“It’s probably one of the most extraordinary papers in immunology that I’ve seen, easily in the past decade,” says John Wherry, director of the Institute of Immunology at the University of Pennsylvania’s Perelman School of Medicine, who was not involved in the study. “It tells us that immunity can be incredibly durable, if we understand how to generate it properly.”
Andrew Soerens, a postdoctoral immunologist who inherited the project 21 immunizations in, didn’t expect it to become his main responsibility. “It felt like it could be the worst project ever, because it had no endpoint in mind. Or, it could be pretty cool because it was interesting biology,” he recalls.
This project is not something a researcher would ever write a grant proposal for. It’s an exploration that threatens to reverse an entrenched idea—that T cells have an intrinsically limited capacity to fight—with no guarantee of success. “It’s almost a historically monumental experiment to do. No one does an experiment that lasts 10 years,” says Wherry. “It’s antithetical to funding mechanisms, and a five-year funding cycle—which really means every three years you have to be doing something new. It’s antithetical to the way we train our students and postdocs who typically are in a lab for four or five years. It’s antithetical to the short attention span of scientists and the scientific environment we live in. So it really says something fundamental about really, really wanting to address a critically important question.”
Indeed, the project remained unfunded for the first eight years, surviving just on lab members’ spare time. But its central question was ambitious: Must immune cells age? In 1961, microbiologist Leonard Hayflick argued that all of our cells (except eggs, sperm, and cancer) could only divide a finite number of times. In the 1980s, researchers advanced the idea that this might play out through the erosion of protective telomeres—a sort of aglet at the end of chromosomes—which shorten when cells divide. After enough divisions, there’s no more telomere left to protect the genes.

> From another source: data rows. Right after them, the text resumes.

(* Let $X$ be an infinite-dimensional II-polyhedral real Banach space. Then $B_X$ does not have slices of arbitrarily small diameter; that is, there exists $\delta>0$ such that every slice of $B_X$ has diameter at least $\delta$.
   Context: All Banach spaces are real. For a Banach space $X$, $B_X$ denotes the closed unit ball, $X^*$ the dual, and $Ext(B_{X^*})$ the set of extreme points of $B_{X^*}$. For a set $A\subseteq X^*$, $A'$ denotes the set of accumulation points of $A$ in the weak$^*$ topology of $X^*$. $X$ is called II-polyhedral if there exists $0<r<1$ such that $(Ext B_{X^*})'\subseteq rB_{X^*}$. A slice of $B_X$ is a set of the form $S(B_X,f,\alpha)=\{x\in B_X: f(x)>\|f\|-\alpha\}$ with $f\in X^*\setminus\{0\}$ and $\alpha>0$. *)

theory Defs
  imports "HOL-Analysis.Analysis"
begin

definition weak_star_topology :: "('a::real_normed_vector \<Rightarrow>\<^sub>L real) topology" where
  "weak_star_topology = topology_generated_by
     {{g. blinfun_apply g x \<in> U} | x U. open (U :: real set)}"

definition ext_dual_ball :: "('a::real_normed_vector \<Rightarrow>\<^sub>L real) set" where
  "ext_dual_ball = {f. f extreme_point_of cball 0 1}"

definition II_polyhedral :: "'a::real_normed_vector itself \<Rightarrow> bool" where
  "II_polyhedral (TYPE('a)) \<longleftrightarrow>
     (\<exists>r::real. 0 < r \<and> r < 1 \<and>
        weak_star_topology derived_set_of (ext_dual_ball :: ('a \<Rightarrow>\<^sub>L real) set) \<subseteq> cball 0 r)"

definition slice :: "('a::real_normed_vector \<Rightarrow>\<^sub>L real) \<Rightarrow> real \<Rightarrow> 'a set" where
  "slice f \<alpha> = {x \<in> cball 0 1. blinfun_apply f x > norm f - \<alpha>}"

end

theory Submission
  imports Defs
begin

(*
  Let r < 1 bound the norms of the weak* accumulation points of Ext B_X* and let x lie in the
  slice S(B_X, f, alpha). By weak* compactness of B_X*, only finitely many extreme functionals
  e satisfy e x >= (1 + r) / 2, so in infinite dimensions some unit vector u is annihilated by
  f and by all of them. The norm of x + c u is attained at an extreme functional: Hahn--Banach
  gives a norming functional, and a Krein--Milman type argument on weak*-closed faces of the
  dual ball gives an extreme one. At the finitely many large extreme functionals x + c u takes
  the value e x <= 1, at all others at most (1 + r) / 2 + |c|. Hence x + c u stays in the
  slice for |c| <= (1 - r) / 2, and every slice has diameter at least 1 - r.
*)

lemma Zorn_minimal:
  fixes A :: "'b::order set"
  assumes "A \<noteq> {}"
    and chain_lb: "\<And>C. C \<subseteq> A \<Longrightarrow> C \<noteq> {} \<Longrightarrow> \<forall>a\<in>C. \<forall>b\<in>C. a \<le> b \<or> b \<le> a
                        \<Longrightarrow> \<exists>u\<in>A. \<forall>a\<in>C. u \<le> a"
  shows "\<exists>m\<in>A. \<forall>a\<in>A. a \<le> m \<longrightarrow> a = m"
proof -
  have po: "partial_order_on A (relation_of (\<lambda>a b. b \<le> a) A)"
    by (rule partial_order_on_relation_ofI) auto
  have "\<exists>m\<in>A. \<forall>a\<in>A. m \<ge> a \<longrightarrow> a = m"
  proof (rule predicate_Zorn[OF po])
    fix C assume C: "C \<in> Chains (relation_of (\<lambda>a b. b \<le> a) A)"
    then have "C \<subseteq> A" by (rule Chains_relation_of)
    moreover have "\<forall>a\<in>C. \<forall>b\<in>C. a \<le> b \<or> b \<le> a"
      using C unfolding Chains_def relation_of_def by blast
    ultimately show "\<exists>u\<in>A. \<forall>a\<in>C. a \<ge> u"
      using chain_lb \<open>A \<noteq> {}\<close> by (cases "C = {}") auto
  qed
  then show ?thesis by auto
qed

lemma compactin_chain_Inter_nonempty:
  assumes K: "compactin X K" and ne: "\<C> \<noteq> {}"
    and sets: "\<And>F. F \<in> \<C> \<Longrightarrow> closedin X F \<and> F \<subseteq> K \<and> F \<noteq> {}"
    and chain: "\<forall>F\<in>\<C>. \<forall>G\<in>\<C>. F \<subseteq> G \<or> G \<subseteq> F"
  shows "\<Inter>\<C> \<noteq> {}"
proof -
  have "K \<inter> \<Inter>\<F> \<noteq> {}" if fin: "finite \<F>" and sub: "\<F> \<subseteq> \<C>" for \<F>
  proof (cases "\<F> = {}")
    case True
    obtain F where "F \<in> \<C>" using ne by blast
    then have "K \<noteq> {}" using sets by blast
    then show ?thesis using True by simp
  next
    case False
    have "subset.chain \<C> \<F>" using sub chain by (auto simp: subset_chain_def)
    then have "\<Inter>\<F> \<in> \<F>" by (rule Inter_in_chain[OF fin False])
    then have "\<Inter>\<F> \<subseteq> K" "\<Inter>\<F> \<noteq> {}" using sub sets by blast+
    then show ?thesis by blast
  qed
  moreover have "\<forall>F\<in>\<C>. closedin X F" using sets by blast
  ultimately have "K \<inter> \<Inter>\<C> \<noteq> {}"
    using K unfolding compactin_fip by blast
  then show ?thesis by blast
qed

lemma face_of_Int_supporting_hyperplane_linear:
  fixes S :: "'v::real_vector set"
    and h :: "'v \<Rightarrow> real"
  assumes S: "convex S" and h: "linear h" and le: "\<And>x. x \<in> S \<Longrightarrow> h x \<le> m"
  shows "(S \<inter> {x. h x = m}) face_of S"
proof -
  interpret linear h by (rule h)
  have "{x. h x = m} = h -` {m}" by auto
  then have convex: "convex (S \<inter> {x. h x = m})"
    using convex_Int[OF S convex_linear_vimage[OF h convex_singleton]] by simp
  have "\<forall>a\<in>S. \<forall>b\<in>S. \<forall>x\<in>S \<inter> {x. h x = m}. x \<in> open_segment a b \<longrightarrow>
          a \<in> S \<inter> {x. h x = m} \<and> b \<in> S \<inter> {x. h x = m}"
  proof (intro ballI impI)
    fix a b x assume a: "a \<in> S" and b: "b \<in> S" and x: "x \<in> S \<inter> {x. h x = m}"
      and seg: "x \<in> open_segment a b"
    obtain u where u: "0 < u" "u < 1" "x = (1 - u) *\<^sub>R a + u *\<^sub>R b"
      using seg by (auto simp: in_segment)
    then have "h x = (1 - u) * h a + u * h b" by (simp add: add scale)
    then have "(1 - u) * (m - h a) + u * (m - h b) = 0"
      using x by (simp add: algebra_simps)
    moreover have "0 \<le> (1 - u) * (m - h a)" "0 \<le> u * (m - h b)"
      using u le[OF a] le[OF b] by simp_all
    ultimately have "(1 - u) * (m - h a) = 0" "u * (m - h b) = 0" by linarith+
    then have "h a = m \<and> h b = m" using u by auto
    then show "a \<in> S \<inter> {x. h x = m} \<and> b \<in> S \<inter> {x. h x = m}" using a b by auto
  qed
  then show ?thesis
    unfolding face_of_def by (intro conjI[OF Int_lower1 conjI[OF convex]])
qed

section \<open>Sublinear functionals and the Hahn--Banach theorem\<close>

definition sublinear :: "('a::real_vector \<Rightarrow> real) \<Rightarrow> bool" where
  "sublinear p \<longleftrightarrow>
     (\<forall>x y. p (x + y) \<le> p x + p y) \<and> (\<forall>c x. 0 \<le> c \<longrightarrow> p (c *\<^sub>R x) = c * p x)"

This project challenged the Hayflick limit, and it soon commanded most of Soerens’ time: He’d run down to the mouse colony to immunize, take samples, and start new cohorts of T-cell armies. He’d count cells and parse the blend of proteins they produced, noting what had changed over the years. Such differences can indicate changes in a cell’s genetic expression—or even mutations in the gene sequence.
One day, a change stood out: high levels of protein associated with cell death, called PD1. It’s usually a sign of cell exhaustion. But these cells were not exhausted. They continued to proliferate, combat microbial infections, and form long-lived memory cells, all functions the lab considered markers of fitness and longevity. “I was kind of shocked,” Soerens says. “That was probably the first time that I was actually very confident that this was something.”
So the lab kept going, and going. Finally, says Masopust, “the question was, how long is long enough to keep this going before you’ve made your point?” Ten years, or four lifetimes, felt right. “An extreme of nature demonstration was where it was good enough for me.” (For the record: All those cell cohorts are still going.)